• Problem requirements
Find every line in the records below that holds the word "moreover", and copy each one.

---------- The data ----------

lemma qr_differential_components:
  fixes Q D A1 R E Y :: "complex mat"
  assumes Q: "Q \<in> carrier_mat n p" and D: "D \<in> carrier_mat n p"
    and R: "R \<in> carrier_mat p p" and E: "E \<in> carrier_mat p p" and Y: "Y \<in> carrier_mat p p"
    and QQ: "mat_adjoint Q * Q = 1\<^sub>m p" and dec: "D * R + Q * E = A1" and RY: "R * Y = 1\<^sub>m p"
  shows "mat_adjoint Q * (A1 * Y) = mat_adjoint Q * D + E * Y"
    and "(1\<^sub>m n - Q * mat_adjoint Q) * (A1 * Y) = D - Q * (mat_adjoint Q * D)"
proof -
  have aQ: "mat_adjoint Q \<in> carrier_mat p n" using Q by simp
  have EY: "E * Y \<in> carrier_mat p p" using E Y by simp
  have P: "1\<^sub>m n - Q * mat_adjoint Q \<in> carrier_mat n n" using Q aQ by (simp add: minus_carrier_mat)
  have AY: "A1 * Y = D + Q * (E * Y)"
  proof -
    have "A1 * Y = D * R * Y + Q * E * Y"
      unfolding dec[symmetric] by (rule add_mult_distrib_mat[of _ n p]) (use D R Q E Y in auto)
    then show ?thesis using assoc_mult_mat[OF D R Y] assoc_mult_mat[OF Q E Y] RY D by simp
  qed
  have "mat_adjoint Q * (A1 * Y) = mat_adjoint Q * D + (mat_adjoint Q * Q) * (E * Y)"
    unfolding AY using assoc_mult_mat[OF aQ Q EY]
    by (simp add: mult_add_distrib_mat[OF aQ D mult_carrier_mat[OF Q EY]])
  then show "mat_adjoint Q * (A1 * Y) = mat_adjoint Q * D + E * Y" using QQ left_mult_one_mat[OF EY] by simp
  have PQ: "(1\<^sub>m n - Q * mat_adjoint Q) * Q = 0\<^sub>m n p"
    using minus_mult_distrib_mat[of "1\<^sub>m n" n n "Q * mat_adjoint Q" Q p] Q aQ assoc_mult_mat[OF Q aQ Q] QQ
    by simp
  have "(1\<^sub>m n - Q * mat_adjoint Q) * (A1 * Y)
      = (1\<^sub>m n - Q * mat_adjoint Q) * D + ((1\<^sub>m n - Q * mat_adjoint Q) * Q) * (E * Y)"
    unfolding AY using assoc_mult_mat[OF P Q EY]
    by (simp add: mult_add_distrib_mat[OF P D mult_carrier_mat[OF Q EY]])
  also have "\<dots> = D - Q * (mat_adjoint Q * D)"
    using PQ minus_mult_distrib_mat[of "1\<^sub>m n" n n "Q * mat_adjoint Q" D p] Q aQ D EY
      assoc_mult_mat[OF Q aQ D] left_mult_zero_mat[OF EY]
      right_add_zero_mat[OF minus_carrier_mat[OF mult_carrier_mat[OF Q mult_carrier_mat[OF aQ D]]]]
    by simp
  finally show "(1\<^sub>m n - Q * mat_adjoint Q) * (A1 * Y) = D - Q * (mat_adjoint Q * D)" .
qed

text \<open>Here \<open>D\<close>, \<open>E\<close>, \<open>A1\<close> play the roles of the differentials \<open>Q'\<close>, \<open>R'\<close>, \<open>A'\<close> of \<open>Q R = A\<close>
  and \<open>Y = R\<^sup>-\<^sup>1\<close>. Differentiating \<open>Q\<^sup>H Q = I\<close> makes \<open>\<Omega> = Q\<^sup>H D\<close> skew-Hermitian, while
  \<open>Q\<^sup>H A1 Y = \<Omega> + E Y\<close> with \<open>E Y\<close> upper triangular with real diagonal; so \<open>Pskew\<close> isolates \<open>\<Omega>\<close>.\<close>

lemma qr_differential_eq:
  fixes Q D A1 R E Y :: "complex mat"
  assumes Q: "Q \<in> carrier_mat n p" and D: "D \<in> carrier_mat n p"
    and R: "R \<in> carrier_mat p p" and E: "E \<in> carrier_mat p p" and Y: "Y \<in> carrier_mat p p"
    and QQ: "mat_adjoint Q * Q = 1\<^sub>m p"
    and skew: "mat_adjoint Q * D + mat_adjoint D * Q = 0\<^sub>m p p"
    and dec: "D * R + Q * E = A1"
    and Eu: "upper_triangular E" and Ed: "\<And>i. i < p \<Longrightarrow> Im (E $$ (i, i)) = 0"
    and Ru: "upper_triangular R" and Rnz: "\<And>i. i < p \<Longrightarrow> R $$ (i, i) \<noteq> 0"
    and Rd: "\<And>i. i < p \<Longrightarrow> Im (R $$ (i, i)) = 0"
    and RY: "R * Y = 1\<^sub>m p"
  shows "D = Q * Pskew (mat_adjoint Q * (A1 * Y)) + (1\<^sub>m n - Q * mat_adjoint Q) * (A1 * Y)"
proof -
  have Yu: "upper_triangular Y" by (rule upper_triangular_right_inverse(1)[OF R Y Ru Rnz RY])
  have Yd: "Y $$ (i, i) = inverse (R $$ (i, i))" if "i < p" for i
    by (rule upper_triangular_right_inverse(2)[OF R Y Ru Rnz RY that])
  have EY: "E * Y \<in> carrier_mat p p" using E Y by simp
  have "Im ((E * Y) $$ (i, i)) = 0" if "i < p" for i
    using upper_triangular_mult(2)[OF E Y Eu Yu that] Yd[OF that] Ed[OF that] Rd[OF that]
    by (simp add: Im_divide power2_eq_square)
  then have "Pskew (mat_adjoint Q * (A1 * Y)) = mat_adjoint Q * D"
    unfolding qr_differential_components(1)[OF Q D R E Y QQ dec RY]
    by (intro Pskew_skew_plus_upper mat_adjoint_mult_skew[OF Q D skew] upper_triangular_mult(1)[OF E Y Eu Yu])
       (use Q D EY in auto)
  moreover have "mat_adjoint Q * D \<in> carrier_mat p p" by (rule mult_carrier_mat[OF mat_adjoint_carrier[OF Q] D])
  ultimately show ?thesis
    unfolding qr_differential_components(2)[OF Q D R E Y QQ dec RY] using Q D
    by (intro eq_matI) auto
qed

definition gs_col_deriv :: "nat \<Rightarrow> (nat \<Rightarrow> nat \<Rightarrow> complex) \<Rightarrow> (nat \<Rightarrow> nat \<Rightarrow> complex) \<Rightarrow> nat \<Rightarrow> nat \<Rightarrow> complex" where
  "gs_col_deriv n a0 a1 m i =
     (SOME d. ((\<lambda>t. gs_col n (line_entries a0 a1 t) m i) has_vector_derivative d) (at 0))"

definition gs_dQ :: "nat \<Rightarrow> nat \<Rightarrow> (nat \<Rightarrow> nat \<Rightarrow> complex) \<Rightarrow> (nat \<Rightarrow> nat \<Rightarrow> complex) \<Rightarrow> complex mat" where
  "gs_dQ n p a0 a1 = mat n p (\<lambda>(i, m). gs_col_deriv n a0 a1 m i)"

text \<open>The derivative of \<open>gs_R\<close> along the line, by the product rule.\<close>

definition gs_dR :: "nat \<Rightarrow> nat \<Rightarrow> (nat \<Rightarrow> nat \<Rightarrow> complex) \<Rightarrow> (nat \<Rightarrow> nat \<Rightarrow> complex) \<Rightarrow> complex mat" where
  "gs_dR n p a0 a1 = mat p p (\<lambda>(m, j).
     \<Sum>r<n. cnj (gs_col n a0 m r) * a1 r j + cnj (gs_col_deriv n a0 a1 m r) * a0 r j)"

lemma gs_dQ_carrier [simp]: "gs_dQ n p a0 a1 \<in> carrier_mat n p"
  by (simp add: gs_dQ_def)

lemma gs_dR_carrier [simp]: "gs_dR n p a0 a1 \<in> carrier_mat p p"
  by (simp add: gs_dR_def)

lemma gs_dQ_dims [simp]: "dim_row (gs_dQ n p a0 a1) = n" "dim_col (gs_dQ n p a0 a1) = p"
  by (simp_all add: gs_dQ_def)

lemma gs_dR_dims [simp]: "dim_row (gs_dR n p a0 a1) = p" "dim_col (gs_dR n p a0 a1) = p"
  by (simp_all add: gs_dR_def)

context
  fixes n p :: nat and a0 a1 :: "nat \<Rightarrow> nat \<Rightarrow> complex"
  assumes regular: "gs_regular n p a0"
begin

lemma has_vector_derivative_gs_col:
  assumes "m < p"
  shows "((\<lambda>t. gs_col n (line_entries a0 a1 t) m i) has_vector_derivative gs_col_deriv n a0 a1 m i) (at 0)"
proof -
  obtain d where "((\<lambda>t. gs_col n (line_entries a0 a1 t) m i) has_vector_derivative d) (at 0)"
    using differentiable_gs_line(3)[OF regular assms] by (rule differentiable_imp_has_vector_derivative)
  then show ?thesis unfolding gs_col_deriv_def by (rule someI)
qed

lemma has_vector_derivative_gs_R:
  assumes "m < p" "j < p"
  shows "((\<lambda>t. cinner n (gs_col n (line_entries a0 a1 t) m) (\<lambda>r. line_entries a0 a1 t r j))
      has_vector_derivative gs_dR n p a0 a1 $$ (m, j)) (at 0)"
proof -
  have "((\<lambda>t. \<Sum>r<n. cnj (gs_col n (line_entries a0 a1 t) m r) * line_entries a0 a1 t r j)
      has_vector_derivative (\<Sum>r<n. cnj (gs_col n (line_entries a0 a1 0) m r) * a1 r j
        + cnj (gs_col_deriv n a0 a1 m r) * line_entries a0 a1 0 r j)) (at 0)"
    by (intro has_vector_derivative_sum has_vector_derivative_mult has_vector_derivative_cnj
        has_vector_derivative_gs_col has_vector_derivative_line_entries assms(1))
  then show ?thesis using assms by (simp add: cinner_def gs_dR_def)
qed

lemma gs_dQ_skew:
  "mat_adjoint (gs_Q n p a0) * gs_dQ n p a0 a1 + mat_adjoint (gs_dQ n p a0 a1) * gs_Q n p a0 = 0\<^sub>m p p"
proof (rule eq_matI)
  fix m m' assume "m < dim_row (0\<^sub>m p p :: complex mat)" "m' < dim_col (0\<^sub>m p p :: complex mat)"
  then have m: "m < p" and m': "m' < p" by auto
  let ?q = "\<lambda>t m. gs_col n (line_entries a0 a1 t) m"
  have "((\<lambda>t. cinner n (?q t m) (?q t m')) has_vector_derivative
      (\<Sum>r<n. cnj (?q 0 m r) * gs_col_deriv n a0 a1 m' r + cnj (gs_col_deriv n a0 a1 m r) * ?q 0 m' r))
      (at 0)"
    unfolding cinner_def
    by (intro has_vector_derivative_sum has_vector_derivative_mult has_vector_derivative_cnj
        has_vector_derivative_gs_col m m')
  moreover have "\<forall>\<^sub>F t in nhds 0. cinner n (?q t m) (?q t m') = (if m = m' then 1 else 0)"
    using eventually_gs_regular_line[OF regular, of a1] by eventually_elim (use gs_col_orthonormal m m' in blast)
  ultimately have "(\<Sum>r<n. cnj (?q 0 m r) * gs_col_deriv n a0 a1 m' r
      + cnj (gs_col_deriv n a0 a1 m r) * ?q 0 m' r) = 0"
    by (rule has_vector_derivative_eventually_const)
  then show "(mat_adjoint (gs_Q n p a0) * gs_dQ n p a0 a1 + mat_adjoint (gs_dQ n p a0 a1) * gs_Q n p a0) $$ (m, m')
      = (0\<^sub>m p p :: complex mat) $$ (m, m')"
    using m m' index_mat_adjoint_mult[OF gs_Q_carrier[of n p a0] gs_dQ_carrier[of n p a0 a1] m m']
      index_mat_adjoint_mult[OF gs_dQ_carrier[of n p a0 a1] gs_Q_carrier[of n p a0] m m']
    by (simp add: gs_Q_def gs_dQ_def sum.distrib)
qed auto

----------

• Your response
  moreover have "mat_adjoint Q * D \<in> carrier_mat p p" by (rule mult_carrier_mat[OF mat_adjoint_carrier[OF Q] D])
  moreover have "\<forall>\<^sub>F t in nhds 0. cinner n (?q t m) (?q t m') = (if m = m' then 1 else 0)"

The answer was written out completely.